Yes, Kelly proposed to me one afternoon after I'd been staying over at her place on weekends for two or three months. I didn't hesitate. I said yes. How could I do otherwise without ending the relationship completely?
The reason she asked me, twenty-odd years later, if I was still in love with her, was that she couldn't stop thinking of a certain person, no matter how hard she tried.
Oh really? And who might this person be? None other than Leonard, her old boyfriend from years back, several years before she'd known me, in fact. Way back then she and Leonard had first grown close during trade union functions, and this had blossomed into romance and an eventual moving-in together that had ended only because a previous girlfriend of his, one Louise, had become pregnant, apparently by Leonard, shortly before their break-up. Ever the decent fellow, Leonard determined, at no small cost to his personal happiness, to do the right thing, since his ex was determined to have the baby.
Still with me? There's more to this story, but for now fade to black on the star-crossed trade unionist lovers, skip over the twenty-odd years of marriage to me and the two daughters, and fade in to a renewal of the friendship/romance with Leonard, again at union functions but now conveniently away from home, since we moved from the big city many years back, the better to raise our children.
A wife who is lonely and depressed and feels abandoned.
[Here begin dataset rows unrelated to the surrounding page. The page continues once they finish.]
lemma is_path_tl:
  "is_path G p \<Longrightarrow> tl p \<noteq> [] \<Longrightarrow>
    is_path G (tl p) \<and> path_rng G (tl p) = path_rng G p \<and> rng G (hd p) = src G (hd (tl p))"
  by (cases p) (auto simp: is_path_Cons path_rng_Cons)

lemma closed_path_contains_cycle:
  assumes "is_path G p" "path_src G p = path_rng G p"
  shows "\<exists>c. is_cycle G c \<and> set c \<subseteq> set p"
  using assms
proof (induction "length p" arbitrary: p rule: less_induct)
  case less
  show ?case
  proof (cases "distinct (map (src G) p)")
    case True
    then show ?thesis
      using less.prems by (auto simp: is_cycle_def)
  next
    case False
    then obtain i j where ij: "i < j" "j < length p" "src G (p ! i) = src G (p ! j)"
      unfolding distinct_conv_nth by (auto, metis linorder_neq_iff)
    define q where "q = take (j - i) (drop i p)"
    have d: "is_path G (drop i p)" "path_src G (drop i p) = src G (p ! i)"
      using is_path_drop[OF less.prems(1), of i] ij by auto
    have q: "is_path G q" "path_src G q = src G (p ! i)" "path_rng G q = rng G (p ! (j - 1))"
      using is_path_take[OF d(1), of "j - i"] ij d(2) unfolding q_def by auto
    have "rng G (p ! (j - 1)) = src G (p ! j)"
      using less.prems(1) ij unfolding is_path_def
      by (metis One_nat_def Suc_pred gr_implies_not_zero not_gr_zero)
    with q ij have "path_src G q = path_rng G q"
      by simp
    moreover have "length q < length p"
      using ij unfolding q_def by simp
    moreover have "set q \<subseteq> set p"
      unfolding q_def by (meson in_set_dropD in_set_takeD subsetI)
    ultimately show ?thesis
      using less.hyps q(1) by blast
  qed
qed

lemma cycle_verts_nonempty: "is_cycle G c \<Longrightarrow> cycle_verts G c \<noteq> {}"
  by (auto simp: is_cycle_def cycle_verts_def is_path_def)

lemma cycle_rng_in_cycle_verts:
  assumes "is_cycle G c" "e \<in> set c"
  shows "rng G e \<in> cycle_verts G c"
proof -
  obtain i where i: "i < length c" "e = c ! i"
    using assms(2) by (auto simp: in_set_conv_nth)
  show ?thesis
  proof (cases "Suc i < length c")
    case True
    then have "rng G e = src G (c ! Suc i)"
      using assms(1) i unfolding is_cycle_def is_path_def by auto
    then show ?thesis
      using True by (auto simp: cycle_verts_def)
  next
    case False
    with i have "e = last c"
      by (metis Suc_lessI last_conv_nth list.size(3) not_less_zero diff_Suc_1)
    then have "rng G e = src G (hd c)"
      using assms(1) unfolding is_cycle_def path_src_def path_rng_def by simp
    then show ?thesis
      using i by (cases c) (auto simp: cycle_verts_def)
  qed
qed

lemma cycle_verts_reachable:
  assumes "is_cycle G c" "u \<in> cycle_verts G c" "v \<in> cycle_verts G c"
  shows "(u, v) \<in> (edge_rel G)\<^sup>*"
proof -
  have c: "is_path G c" "path_src G c = path_rng G c"
    using assms(1) by (auto simp: is_cycle_def)
  obtain e f where e: "e \<in> set c" "src G e = u" and f: "f \<in> set c" "src G f = v"
    using assms(2,3) by (auto simp: cycle_verts_def)
  have "(u, rng G e) \<in> edge_rel G"
    using e path_in_edges[OF c(1)] edge_rel_edge by metis
  moreover have "(rng G e, path_rng G c) \<in> (edge_rel G)\<^sup>*" "(path_src G c, v) \<in> (edge_rel G)\<^sup>*"
    using path_edge_reachable[OF c(1)] e f by auto
  ultimately show ?thesis
    using c(2) by (metis converse_rtrancl_into_rtrancl rtrancl_trans)
qed

lemma cycle_verts_closed_walk:
  assumes "is_cycle G c" "u \<in> cycle_verts G c"
  shows "(u, u) \<in> (edge_rel G)\<^sup>+"
proof -
  obtain e where e: "e \<in> set c" "src G e = u"
    using assms(2) by (auto simp: cycle_verts_def)
  have "(u, rng G e) \<in> edge_rel G"
    using e path_in_edges assms(1) edge_rel_edge unfolding is_cycle_def by metis
  moreover have "(rng G e, u) \<in> (edge_rel G)\<^sup>*"
    using cycle_verts_reachable[OF assms(1) cycle_rng_in_cycle_verts[OF assms(1) e(1)] assms(2)] .
  ultimately show ?thesis
    by (meson rtrancl_into_trancl2)
qed

lemma closed_walk_cycle:
  assumes "(x, x) \<in> (edge_rel G)\<^sup>+"
  obtains c where "is_cycle G c"
    "\<And>y. y \<in> cycle_verts G c \<Longrightarrow> (x, y) \<in> (edge_rel G)\<^sup>* \<and> (y, x) \<in> (edge_rel G)\<^sup>*"
proof -
  obtain p where p: "is_path G p" "path_src G p = x" "path_rng G p = x"
    using trancl_imp_path[OF assms] by blast
  obtain c where c: "is_cycle G c" "set c \<subseteq> set p"
    using closed_path_contains_cycle p by metis
  have "(x, y) \<in> (edge_rel G)\<^sup>* \<and> (y, x) \<in> (edge_rel G)\<^sup>*" if y: "y \<in> cycle_verts G c" for y
  proof -
    obtain e where e: "e \<in> set p" "src G e = y"
      using y c(2) unfolding cycle_verts_def by blast
    then have "(y, rng G e) \<in> edge_rel G"
      using path_in_edges[OF p(1)] edge_rel_edge by metis
    then show ?thesis
      using path_edge_reachable[OF p(1) e(1)] p e by (metis converse_rtrancl_into_rtrancl)
  qed
  with c that show thesis
    by blast
qed

lemma src_in_inf_path_verts [simp]: "src G (\<alpha> i) \<in> inf_path_verts G \<alpha>"
  by (simp add: inf_path_verts_def)

lemma inf_path_src_in_verts: "wf_dgraph G \<Longrightarrow> is_inf_path G \<alpha> \<Longrightarrow> src G (\<alpha> i) \<in> verts G"
  by (simp add: is_inf_path_def wf_dgraph_def)

lemma inf_path_verts_subset: "wf_dgraph G \<Longrightarrow> is_inf_path G \<alpha> \<Longrightarrow> inf_path_verts G \<alpha> \<subseteq> verts G"
  by (auto simp: inf_path_verts_def inf_path_src_in_verts)

lemma inf_path_edge_rel: "is_inf_path G \<alpha> \<Longrightarrow> (src G (\<alpha> i), src G (\<alpha> (Suc i))) \<in> edge_rel G"
  unfolding is_inf_path_def by (metis edge_rel_edge)

lemma inf_path_rtrancl:
  assumes "is_inf_path G \<alpha>" "i \<le> j"
  shows "(src G (\<alpha> i), src G (\<alpha> j)) \<in> (edge_rel G)\<^sup>*"
  using assms(2)
  by (induction rule: dec_induct) (auto intro: rtrancl_into_rtrancl inf_path_edge_rel[OF assms(1)])

lemma inf_path_trancl:
  assumes "is_inf_path G \<alpha>" "i < j"
  shows "(src G (\<alpha> i), src G (\<alpha> j)) \<in> (edge_rel G)\<^sup>+"
proof -
  obtain k where "j = Suc k" "i \<le> k"
    using assms(2) by (cases j) auto
  then show ?thesis
    using inf_path_rtrancl[OF assms(1)] inf_path_edge_rel[OF assms(1)]
    by (metis rtrancl_into_trancl1)
qed

lemma inf_path_suffix: "is_inf_path G \<alpha> \<Longrightarrow> is_inf_path G (\<lambda>i. \<alpha> (N + i))"
  by (simp add: is_inf_path_def)

lemma hereditary_rtrancl_closed:
  assumes "hereditary G H" "(a, b) \<in> (edge_rel G)\<^sup>*" "a \<in> H"
  shows "b \<in> H"
  using assms trancl_imp_path[of a b G]
  by (cases "a = b") (auto simp: rtrancl_eq_or_trancl hereditary_def)

lemma hereditary_subset_verts: "hereditary G H \<Longrightarrow> H \<subseteq> verts G"
  by (simp add: hereditary_def)

lemma wf_dgraph_src: "wf_dgraph G \<Longrightarrow> e \<in> edges G \<Longrightarrow> src G e \<in> verts G"
  by (simp add: wf_dgraph_def)

lemma wf_dgraph_trancl_verts:
  "wf_dgraph G \<Longrightarrow> (u, v) \<in> (edge_rel G)\<^sup>+ \<Longrightarrow> u \<in> verts G"
  by (auto dest!: tranclD simp: edge_rel_iff wf_dgraph_def)

locale path_segments =
  fixes G :: "('v, 'e) dgraph" and T :: "'v set" and seg :: "'v \<Rightarrow> 'e list"
  assumes seg: "\<And>v. v \<in> T \<Longrightarrow> is_path G (seg v) \<and> path_src G (seg v) = v \<and> path_rng G (seg v) \<in> T"
begin

text \<open>After \<open>n\<close> steps, \<open>walk u n\<close> is the part of the current segment not yet traversed; once a
  segment is used up, the walk continues with the segment of its endpoint.\<close>

definition walk :: "'v \<Rightarrow> nat \<Rightarrow> 'e list" where
  "walk u n = ((\<lambda>l. if tl l = [] then seg (path_rng G l) else tl l) ^^ n) (seg u)"

lemma walk_Suc:
  "walk u (Suc n) = (if tl (walk u n) = [] then seg (path_rng G (walk u n)) else tl (walk u n))"
  by (simp add: walk_def)

lemma walk_path:
  assumes "u \<in> T"
  shows "is_path G (walk u n) \<and> path_rng G (walk u n) \<in> T"
proof (induction n)
  case 0
  show ?case
    using seg[OF assms] by (simp add: walk_def)
next
  case (Suc n)
  then show ?case
    using seg is_path_tl[of G "walk u n"] by (auto simp: walk_Suc)
qed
An old boyfriend who is now free and who lends a sympathetic ear and tells her he's never stopped caring for her. The inevitable starts to happen. And so over the dishes one evening Kelly and I come to an arrangement.
I tell her I don't mind if she starts up something with faithful old Len as long as our family life remains stable and our daughters are not upset. She agrees, since her first priority is also our children and she has no intention, for the present, of leaving me to move back to the city, Len or no Len. She'll go visit him every six weeks or so. A few years down the line, once our daughters are young adults, maybe something more permanent with Len could be arranged. Divorce for us? At this point, who knew? We never got that far in our discussion. For now, the die is cast.
A sense of relief, of impending freedom ensues. For both of us. Freedom from a marriage that has been slowly suffocating us for years. The wife is in love with an old flame who feels the same way about her. Maybe now I'm free to look elsewhere myself, catch up on all I've missed in my younger days. Everybody's happy, right?
But then what happens? A union convention is upcoming. Kelly books an extra two days off work, for a total of four. And thence begins the longest, most miserable weekend of my life. For within twenty four hours of our 'arrangement' it dawns on me what I've agreed to. I've given my wife the green light to sleep with another man. And not just any other man, but someone she's had feelings for, of one kind or another, for a very long time.
Why should that bother me, if I no longer love her, if I've never been deeply in love with her at all? Is some kind of primitive territorial imperative kicking in here? "It's all over between us, isn't it?" she'd commented that evening over the dishes. And though that gave me a pang, I'd agreed.